My father died three days before Matthew’s first child was born. Matthew and his wife brought her to our house to give our mother something joyful to think about.

The baby’s Christian name was Isobel. Her baby suit had three padded Disney princesses on it and her hair was a red down.

Matthew chuckled. “Don’t worry, Mamamimi, this can’t be Grandpa, it’s a girl.”

Raphael smiled. “Maybe she’s Grandpa born in woman’s body.”

Matthew’s wife clucked her tongue. She didn’t like us and she certainly didn’t like what she’d heard about Raphael. She drew herself up tall and said, “Her name is Iveren.”

Matthew stared at his hands; Mamamimi froze; Raphael began to dance with laughter.

“It was my mother’s name,” the wife said.

“Ah!” cried Raphael. “Two of them, Matthew. Two Iverens! Oh, that is such good luck for you!”

I saw from my mother’s unmoving face, and from a flick of the fingers, a jettisoning, that she had consigned the child to its mother’s family and Matthew to that other family, too. She never took a proper interest in little Iveren.

But Grandmother must have thought that they had named the child after her. Later, she went to live with them, which was exactly the blessing I would wish for Matthew.

* * *

Raphael became quieter, preoccupied, as if invisible flies buzzed around his head. I told myself we were working too hard. Both of us had been applying for oil company scholarships. I wanted both of us to go together to the best universities: Lagos or Ibadan. I thought of all those strangers, in states that were mainly Igbo or Yoruba or maybe even Muslim. I was sure we were a team.

In the hall bookcase a notice appeared. DO NOT TOUCH MY BOOKS. I DON’T INTERFERE WITH YOUR JOB. LEAVE ALL BOOKS IN ORDER.

They weren’t his alone. “Can I look at them, at least?”

He looked at me balefully. “If you ask first.”

I checked his downloads and they were all porn. I saw the terrible titles of the files, which by themselves were racial and sexual abuse. A good Christian boy, I was shocked and dismayed. I said something to him and he puffed up, looking determined. “I don’t live by other people’s rules.”

He put a new password onto our machine so that I could not get into it. My protests were feeble.

“I need to study, Raphael.”

“Study is beyond you,” he said. “Study cannot help you.”

At the worst possible time for him, his schoolteachers went on strike because they weren’t being paid. Raphael spent all day clicking away at his keyboard, not bothering to dress. His voice became milder, faint and sweet, but he talked only in monosyllables. “Yes. No. I don’t know.” Not angry, a bit as though he was utterly weary.

That Advent, Mamamimi, Andrew, Matthew and family went to the cathedral, but my mother asked me to stay behind to look after Raphael.

“You calm him,” Mamamimi said, and for some reason that made my eyes sting.

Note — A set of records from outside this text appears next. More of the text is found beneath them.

(* Let $n>k\geq 1$ and $r=n-k$. There exists an $(n,k,\ell)$ MDS array code with $\ell=\mathrm{lcm}(1,2,\ldots,r)\cdot r^n$ that satisfies the $(h,d)$-optimal repair property simultaneously for all integer pairs $(h,d)$ with $1\leq h\leq n-k$, $k\leq d\leq n-h$ and $h\mid(d-k)$.
   Context: An $(n,k,\ell)$ MDS array code over a finite field $F$ is an $F$-linear set of vectors $(\bm c_1,\ldots,\bm c_n)$, $\bm c_i\in F^\ell$ (node $i$ stores $\bm c_i$), of dimension $k\ell$, such that any $k$ coordinates $\bm c_i$ determine the codeword. For $1\leq h\leq n-k$, $k\leq d\leq n-h$, the $(h,d)$-optimal repair property means: for every $h$-subset $\mathcal{H}\subseteq[n]$ of failed nodes and every $d$-subset $\mathcal{R}\subseteq[n]\setminus\mathcal{H}$ of helper nodes, each helper $j\in\mathcal{R}$ can send $\beta=\frac{h\ell}{d-k+h}$ symbols of $F$ computed from $\bm c_j$ such that from these $\frac{dh\ell}{d-k+h}$ symbols in total all $\bm c_i$, $i\in\mathcal{H}$, are determined, for every codeword (equality in the cut-set bound). *)

theory Defs
  imports "HOL-Algebra.Ring" "HOL-Algebra.Ring_Divisibility"
begin

text \<open>A finite field is represented as a HOL-Algebra field structure whose
carrier is a set of natural numbers (every finite field is isomorphic to such a one).
Nodes are indexed by 0..n-1, node contents by 0..l-1.  An array word is a function
c with c i j the j-th symbol stored at node i; outside the index range it is zero.\<close>

definition arr_space :: "nat ring \<Rightarrow> nat \<Rightarrow> nat \<Rightarrow> (nat \<Rightarrow> nat \<Rightarrow> nat) set" where
  "arr_space F n l = {c. \<forall>i j. (i < n \<and> j < l \<longrightarrow> c i j \<in> carrier F) \<and>
                              (\<not> (i < n \<and> j < l) \<longrightarrow> c i j = \<zero>\<^bsub>F\<^esub>)}"

definition linear_array_code :: "nat ring \<Rightarrow> nat \<Rightarrow> nat \<Rightarrow> (nat \<Rightarrow> nat \<Rightarrow> nat) set \<Rightarrow> bool" where
  "linear_array_code F n l C \<longleftrightarrow>
     C \<subseteq> arr_space F n l \<and> C \<noteq> {} \<and>
     (\<forall>c\<in>C. \<forall>c'\<in>C. (\<lambda>i j. c i j \<oplus>\<^bsub>F\<^esub> c' i j) \<in> C) \<and>
     (\<forall>a\<in>carrier F. \<forall>c\<in>C. (\<lambda>i j. a \<otimes>\<^bsub>F\<^esub> c i j) \<in> C)"

text \<open>(n,k,l) MDS array code: F-linear, of dimension k*l (over the finite field F
this means it has |F|^(k l) elements), and any k nodes determine the codeword.\<close>
definition mds_array_code :: "nat ring \<Rightarrow> nat \<Rightarrow> nat \<Rightarrow> nat \<Rightarrow> (nat \<Rightarrow> nat \<Rightarrow> nat) set \<Rightarrow> bool" where
  "mds_array_code F n k l C \<longleftrightarrow>
     linear_array_code F n l C \<and>
     card C = card (carrier F) ^ (k * l) \<and>
     (\<forall>K. K \<subseteq> {..<n} \<and> card K = k \<longrightarrow>
        (\<forall>c\<in>C. \<forall>c'\<in>C. (\<forall>i\<in>K. c i = c' i) \<longrightarrow> c = c'))"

They went to church, and I was left alone in the main room. I was sitting on the old sofa watching some TV trash about country bumpkins going to Lagos.

Suddenly Raphael trotted out of our bedroom in little Japanese steps wearing one of my mother’s dresses. He had folded a matching cloth around his head into an enormous flower shape, his face ghostly with makeup. My face must have been horrified: it made him chatter with laughter. “What the well-dressed diva is wearing this season.”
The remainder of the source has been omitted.